### Given entries

(* Consider the two-unicast wireline network ("butterfly network with co-located sinks") with nodes $\mathsf{S}_1,\mathsf{S}_2,\mathsf{M}_1,\mathsf{M}_2,\mathsf{D}$, where the single destination node $\mathsf{D}$ must decode both $W_1$ (from $\mathsf{S}_1$) and $W_2$ (from $\mathsf{S}_2$), and directed edges: edge 1 from $\mathsf{S}_1$ to $\mathsf{M}_1$, edge 2 from $\mathsf{S}_2$ to $\mathsf{M}_1$, edge 3 from $\mathsf{M}_1$ to $\mathsf{M}_2$, edge 4 from $\mathsf{S}_1$ to $\mathsf{D}$, edge 5 from $\mathsf{S}_2$ to $\mathsf{D}$, and one edge from $\mathsf{M}_2$ to $\mathsf{D}$ of capacity $\mathsf{C}_6+\mathsf{C}_7$, where edge $i$ has capacity $\mathsf{C}_i\ge0$ and $\mathsf{C}_6,\mathsf{C}_7\ge0$. Then every nonnegative rate pair $(R_1,R_2)$ satisfying $$R_1\le \mathsf{C}_1+\min\{R_1,\mathsf{C}_4\},\quad R_2\le \mathsf{C}_2+\min\{R_2,\mathsf{C}_5\},$$ $$R_1+R_2\le \min\{\mathsf{C}_3,\mathsf{C}_6+\mathsf{C}_7\}+\min\{R_2,\mathsf{C}_5\}+\min\{R_1,\mathsf{C}_4\}$$ is achievable (without security constraints).
   Context: Network model: a directed acyclic graph; each edge $e$ is a noiseless orthogonal channel of capacity $\mathsf{C}_e$ carrying symbols over $\mathbb{F}_q$; over $n$ channel uses edge $e$ carries $X_e^n$, received as $Y_e^n=X_e^n$. Source $\mathsf{S}_i$ has message $W_i$ (uniform, $q$-ary entropy $nR_i$, $W_1,W_2$ independent). A rate pair is achievable if for some block length $n$ there are encoding functions—an edge leaving $\mathsf{S}_i$ carries a function of $W_i$, any other edge a function of the symbols received on the incoming edges of its tail—and decoding functions at $\mathsf{D}$ (functions of the symbols on its incoming edges) recovering both $W_1$ and $W_2$ with vanishing error probability. *)

theory Defs
  imports Complex_Main "HOL-Computational_Algebra.Primes"
begin

text \<open>
Over a block of n channel uses, an edge of capacity C carries
floor(n*C) q-ary symbols, i.e. one value of the set {0..<q^floor(n*C)}
(a word of floor(n*C) q-ary symbols, encoded as a natural number).
Message W_i is uniform on {0..<M_i}; messages are independent.
\<close>

definition edge_syms :: "nat \<Rightarrow> real \<Rightarrow> nat" where
  "edge_syms n C = nat \<lfloor>real n * C\<rfloor>"

definition in_alph :: "nat \<Rightarrow> nat \<Rightarrow> real \<Rightarrow> nat \<Rightarrow> bool" where
  "in_alph q n C x \<longleftrightarrow> x < q ^ edge_syms n C"

definition butterfly_code ::
  "nat \<Rightarrow> real \<Rightarrow> real \<Rightarrow> real \<Rightarrow> real \<Rightarrow> real \<Rightarrow> real \<Rightarrow> real \<Rightarrow>
   nat \<Rightarrow> nat \<Rightarrow> nat \<Rightarrow>
   (nat \<Rightarrow> nat) \<Rightarrow> (nat \<Rightarrow> nat) \<Rightarrow> (nat \<Rightarrow> nat \<Rightarrow> nat) \<Rightarrow>
   (nat \<Rightarrow> nat) \<Rightarrow> (nat \<Rightarrow> nat) \<Rightarrow> (nat \<Rightarrow> nat) \<Rightarrow>
   (nat \<Rightarrow> nat \<Rightarrow> nat \<Rightarrow> nat) \<Rightarrow> (nat \<Rightarrow> nat \<Rightarrow> nat \<Rightarrow> nat) \<Rightarrow> bool" where
  "butterfly_code q C1 C2 C3 C4 C5 C6 C7 n M1 M2 f1 f2 f3 f4 f5 f6 g1 g2 \<longleftrightarrow>
     (\<forall>w1<M1. in_alph q n C1 (f1 w1) \<and> in_alph q n C4 (f4 w1)) \<and>
     (\<forall>w2<M2. in_alph q n C2 (f2 w2) \<and> in_alph q n C5 (f5 w2)) \<and>
     (\<forall>x1 x2. in_alph q n C1 x1 \<longrightarrow> in_alph q n C2 x2 \<longrightarrow> in_alph q n C3 (f3 x1 x2)) \<and>
     (\<forall>x3. in_alph q n C3 x3 \<longrightarrow> in_alph q n (C6 + C7) (f6 x3))"

definition butterfly_errors ::
  "nat \<Rightarrow> nat \<Rightarrow>
   (nat \<Rightarrow> nat) \<Rightarrow> (nat \<Rightarrow> nat) \<Rightarrow> (nat \<Rightarrow> nat \<Rightarrow> nat) \<Rightarrow>
   (nat \<Rightarrow> nat) \<Rightarrow> (nat \<Rightarrow> nat) \<Rightarrow> (nat \<Rightarrow> nat) \<Rightarrow>
   (nat \<Rightarrow> nat \<Rightarrow> nat \<Rightarrow> nat) \<Rightarrow> (nat \<Rightarrow> nat \<Rightarrow> nat \<Rightarrow> nat) \<Rightarrow> nat" where
  "butterfly_errors M1 M2 f1 f2 f3 f4 f5 f6 g1 g2 =
     card {(w1, w2). w1 < M1 \<and> w2 < M2 \<and>
        (let y4 = f4 w1; y5 = f5 w2; y6 = f6 (f3 (f1 w1) (f2 w2))
         in g1 y4 y5 y6 \<noteq> w1 \<or> g2 y4 y5 y6 \<noteq> w2)}"

definition butterfly_achievable ::
  "nat \<Rightarrow> real \<Rightarrow> real \<Rightarrow> real \<Rightarrow> real \<Rightarrow> real \<Rightarrow> real \<Rightarrow> real \<Rightarrow> real \<Rightarrow> real \<Rightarrow> bool" where
  "butterfly_achievable q C1 C2 C3 C4 C5 C6 C7 R1 R2 \<longleftrightarrow>
     (\<forall>\<epsilon>>0. \<exists>n M1 M2 f1 f2 f3 f4 f5 f6 g1 g2.
        n > 0 \<and> M1 > 0 \<and> M2 > 0 \<and>
        log (real q) (real M1) \<ge> real n * (R1 - \<epsilon>) \<and>
        log (real q) (real M2) \<ge> real n * (R2 - \<epsilon>) \<and>
        butterfly_code q C1 C2 C3 C4 C5 C6 C7 n M1 M2 f1 f2 f3 f4 f5 f6 g1 g2 \<and>
        real (butterfly_errors M1 M2 f1 f2 f3 f4 f5 f6 g1 g2)
          \<le> \<epsilon> * (real M1 * real M2))"

end

theory Submission
  imports Defs
begin

text \<open>Plain routing suffices. Split W1 into a low part of rate min R1 C4, sent on
the direct edge 4, and a high part of rate R1 - min R1 C4, sent on edge 1; likewise for
W2 with edges 5 and 2. The relay M1 concatenates the two high parts, and the sum
constraint says exactly that the concatenation fits through edge 3 and the edge
M2 -> D. Messages and symbols are numbers below powers of q, so splitting and
concatenating are div/mod by powers of q, and the code never errs.\<close>

lemma add_mult_less_mult:
  fixes a b A B :: nat
  assumes "a < A" "b < B"
  shows "a + A * b < A * B"
proof -
  have "A * (b + 1) \<le> A * B" using assms(2) by (intro mult_le_mono2) simp
  thus ?thesis using assms(1) by (simp add: algebra_simps)
qed

lemma div_power_less_power:
  fixes q w :: nat
  assumes "w < q ^ (k + l)"
  shows "w div q ^ k < q ^ l"
  using assms by (simp add: less_mult_imp_div_less power_add mult.commute)

lemma in_alph_if_less_power:
  assumes "q \<ge> 1" "x < q ^ l" "l \<le> edge_syms n C"
  shows "in_alph q n C x"
  unfolding in_alph_def using assms power_increasing[of l "edge_syms n C" q] by linarith

lemma edge_syms_ge:
  assumes "x \<le> C"
  shows "nat \<lfloor>real n * x\<rfloor> \<le> edge_syms n C"
  unfolding edge_syms_def using assms by (intro nat_mono floor_mono mult_left_mono) simp_all

lemma edge_syms_add_ge:
  assumes "x \<ge> 0" "y \<ge> 0" "x + y \<le> C"
  shows "nat \<lfloor>real n * x\<rfloor> + nat \<lfloor>real n * y\<rfloor> \<le> edge_syms n C"
proof -
  have "\<lfloor>real n * x\<rfloor> + \<lfloor>real n * y\<rfloor> \<le> \<lfloor>real n * x + real n * y\<rfloor>"
    by (rule le_floor_add)
  also have "\<dots> \<le> \<lfloor>real n * C\<rfloor>"
    using assms(3) by (intro floor_mono) (simp add: mult_left_mono flip: distrib_left)
  finally show ?thesis
    unfolding edge_syms_def using assms by (simp add: nat_add_distrib[symmetric] nat_mono)
qed

lemma real_nat_floor_ge:
  fixes x :: real
  assumes "x \<ge> 0"
  shows "real (nat \<lfloor>x\<rfloor>) \<ge> x - 1"
  using assms by (simp add: of_nat_nat)

lemma butterfly_code_routing:
  fixes q :: nat
  assumes q: "q \<ge> 1"
    and "k1 \<le> edge_syms n C4" and "l1 \<le> edge_syms n C1"
    and "k2 \<le> edge_syms n C5" and "l2 \<le> edge_syms n C2"
    and "l1 + l2 \<le> edge_syms n C3" and "l1 + l2 \<le> edge_syms n (C6 + C7)"
  shows "butterfly_code q C1 C2 C3 C4 C5 C6 C7 n (q ^ (k1 + l1)) (q ^ (k2 + l2))
     (\<lambda>w. w div q ^ k1) (\<lambda>w. w div q ^ k2) (\<lambda>x y. x mod q ^ l1 + q ^ l1 * (y mod q ^ l2))
     (\<lambda>w. w mod q ^ k1) (\<lambda>w. w mod q ^ k2) (\<lambda>x. x mod q ^ (l1 + l2)) g1 g2"
proof -
  have pos: "0 < q ^ m" for m using q by simp
  have concat: "x mod q ^ l1 + q ^ l1 * (y mod q ^ l2) < q ^ (l1 + l2)" for x y :: nat
    unfolding power_add by (intro add_mult_less_mult mod_less_divisor pos)
  show ?thesis
    unfolding butterfly_code_def
    using assms concat pos
    by (auto intro!: in_alph_if_less_power div_power_less_power)
qed

lemma butterfly_errors_routing:
  fixes q :: nat
  assumes "q \<ge> 1"
  shows "butterfly_errors (q ^ (k1 + l1)) (q ^ (k2 + l2))
     (\<lambda>w. w div q ^ k1) (\<lambda>w. w div q ^ k2) (\<lambda>x y. x mod q ^ l1 + q ^ l1 * (y mod q ^ l2))
     (\<lambda>w. w mod q ^ k1) (\<lambda>w. w mod q ^ k2) (\<lambda>x. x mod q ^ (l1 + l2))
     (\<lambda>y4 y5 y6. y4 + q ^ k1 * (y6 mod q ^ l1)) (\<lambda>y4 y5 y6. y5 + q ^ k2 * (y6 div q ^ l1)) = 0"
proof -
  have decoded: "w1 mod q ^ k1 + q ^ k1 * (y mod q ^ (l1 + l2) mod q ^ l1) = w1 \<and>
                 w2 mod q ^ k2 + q ^ k2 * (y mod q ^ (l1 + l2) div q ^ l1) = w2"
    if "w1 < q ^ (k1 + l1)" "w2 < q ^ (k2 + l2)"
      and y: "y = w1 div q ^ k1 mod q ^ l1 + q ^ l1 * (w2 div q ^ k2 mod q ^ l2)" for w1 w2 y
  proof -
    have hi1: "w1 div q ^ k1 < q ^ l1" and hi2: "w2 div q ^ k2 < q ^ l2"
      using that by (simp_all add: div_power_less_power)
    have y_digits: "y = w1 div q ^ k1 + q ^ l1 * (w2 div q ^ k2)"
      using y hi1 hi2 by simp
    moreover have "y < q ^ (l1 + l2)"
      unfolding power_add y_digits using hi1 hi2 by (rule add_mult_less_mult)
    ultimately show ?thesis
      using hi1 assms by (simp add: mod_mult_div_eq)
  qed
  show ?thesis
    unfolding butterfly_errors_def Let_def by (auto simp: card_eq_0_iff dest: decoded)
qed

lemma butterfly_achievable_rate_split:
  fixes q :: nat and a b r1 r2 :: real
  assumes q: "q \<ge> 2"
    and nonneg: "a \<ge> 0" "r1 \<ge> 0" "b \<ge> 0" "r2 \<ge> 0"
    and direct: "a \<le> C4" "b \<le> C5"
    and relayed: "r1 \<le> C1" "r2 \<le> C2" "r1 + r2 \<le> C3" "r1 + r2 \<le> C6 + C7"
  shows "butterfly_achievable q C1 C2 C3 C4 C5 C6 C7 (a + r1) (b + r2)"
  unfolding butterfly_achievable_def
proof (intro allI impI)
  fix eps :: real assume eps: "eps > 0"
  define n :: nat where "n = nat \<lceil>2 / eps\<rceil> + 1"
  have "real n > 2 / eps" unfolding n_def by linarith
  hence neps: "real n * eps > 2" using eps by (simp add: field_simps)
  define k1 where "k1 = nat \<lfloor>real n * a\<rfloor>"
  define l1 where "l1 = nat \<lfloor>real n * r1\<rfloor>"
  define k2 where "k2 = nat \<lfloor>real n * b\<rfloor>"
  define l2 where "l2 = nat \<lfloor>real n * r2\<rfloor>"
  have code: "butterfly_code q C1 C2 C3 C4 C5 C6 C7 n (q ^ (k1 + l1)) (q ^ (k2 + l2))
     (\<lambda>w. w div q ^ k1) (\<lambda>w. w div q ^ k2) (\<lambda>x y. x mod q ^ l1 + q ^ l1 * (y mod q ^ l2))
     (\<lambda>w. w mod q ^ k1) (\<lambda>w. w mod q ^ k2) (\<lambda>x. x mod q ^ (l1 + l2))
     (\<lambda>y4 y5 y6. y4 + q ^ k1 * (y6 mod q ^ l1)) (\<lambda>y4 y5 y6. y5 + q ^ k2 * (y6 div q ^ l1))"
    unfolding k1_def l1_def k2_def l2_def using q nonneg direct relayed
    by (intro butterfly_code_routing edge_syms_ge edge_syms_add_ge) simp_all
  have rate1: "real n * (a + r1 - eps) \<le> real (k1 + l1)"
    using real_nat_floor_ge[of "real n * a"] real_nat_floor_ge[of "real n * r1"] nonneg neps
    unfolding k1_def l1_def by (simp add: algebra_simps)
  have rate2: "real n * (b + r2 - eps) \<le> real (k2 + l2)"
    using real_nat_floor_ge[of "real n * b"] real_nat_floor_ge[of "real n * r2"] nonneg neps
    unfolding k2_def l2_def by (simp add: algebra_simps)
  have log_power: "log (real q) (real (q ^ m)) = real m" for m
    using q by (simp add: log_nat_power)
  show "\<exists>n M1 M2 f1 f2 f3 f4 f5 f6 g1 g2. n > 0 \<and> M1 > 0 \<and> M2 > 0 \<and>
        log (real q) (real M1) \<ge> real n * (a + r1 - eps) \<and>
        log (real q) (real M2) \<ge> real n * (b + r2 - eps) \<and>
        butterfly_code q C1 C2 C3 C4 C5 C6 C7 n M1 M2 f1 f2 f3 f4 f5 f6 g1 g2 \<and>
        real (butterfly_errors M1 M2 f1 f2 f3 f4 f5 f6 g1 g2) \<le> eps * (real M1 * real M2)"
    apply (rule exI[of _ n], rule exI[of _ "q ^ (k1 + l1)"], rule exI[of _ "q ^ (k2 + l2)"], (rule exI)+)
    using code rate1 rate2 log_power butterfly_errors_routing[of q k1 l1 k2 l2] q eps
    unfolding n_def by auto
qed

theorem theorem5:
  fixes q :: nat and C1 C2 C3 C4 C5 C6 C7 R1 R2 :: real
  assumes "\<exists>p k. prime p \<and> k > 0 \<and> q = p ^ k"
    and "C1 \<ge> 0" "C2 \<ge> 0" "C3 \<ge> 0" "C4 \<ge> 0" "C5 \<ge> 0" "C6 \<ge> 0" "C7 \<ge> 0"
    and "R1 \<ge> 0" "R2 \<ge> 0"
    and "R1 \<le> C1 + min R1 C4"
    and "R2 \<le> C2 + min R2 C5"
    and "R1 + R2 \<le> min C3 (C6 + C7) + min R2 C5 + min R1 C4"
  shows "butterfly_achievable q C1 C2 C3 C4 C5 C6 C7 R1 R2"
proof -
  obtain p k where "prime p" "k > 0" "q = p ^ k" using assms(1) by blast
  hence "q \<ge> p" by (simp add: self_le_power prime_gt_0_nat[of p] Suc_leI)
  hence q: "q \<ge> 2" using prime_ge_2_nat[OF \<open>prime p\<close>] by linarith
  have "butterfly_achievable q C1 C2 C3 C4 C5 C6 C7
          (min R1 C4 + (R1 - min R1 C4)) (min R2 C5 + (R2 - min R2 C5))"
    using assms(2-) by (intro butterfly_achievable_rate_split q) (auto simp: min_def split: if_splits)
  thus ?thesis by simp
qed

end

######

Work required:
Please go over the data above and copy each line with "that" in it.

Solution for this problem:
constraint says exactly that the concatenation fits through edge 3 and the edge
      using that by (simp_all add: div_power_less_power)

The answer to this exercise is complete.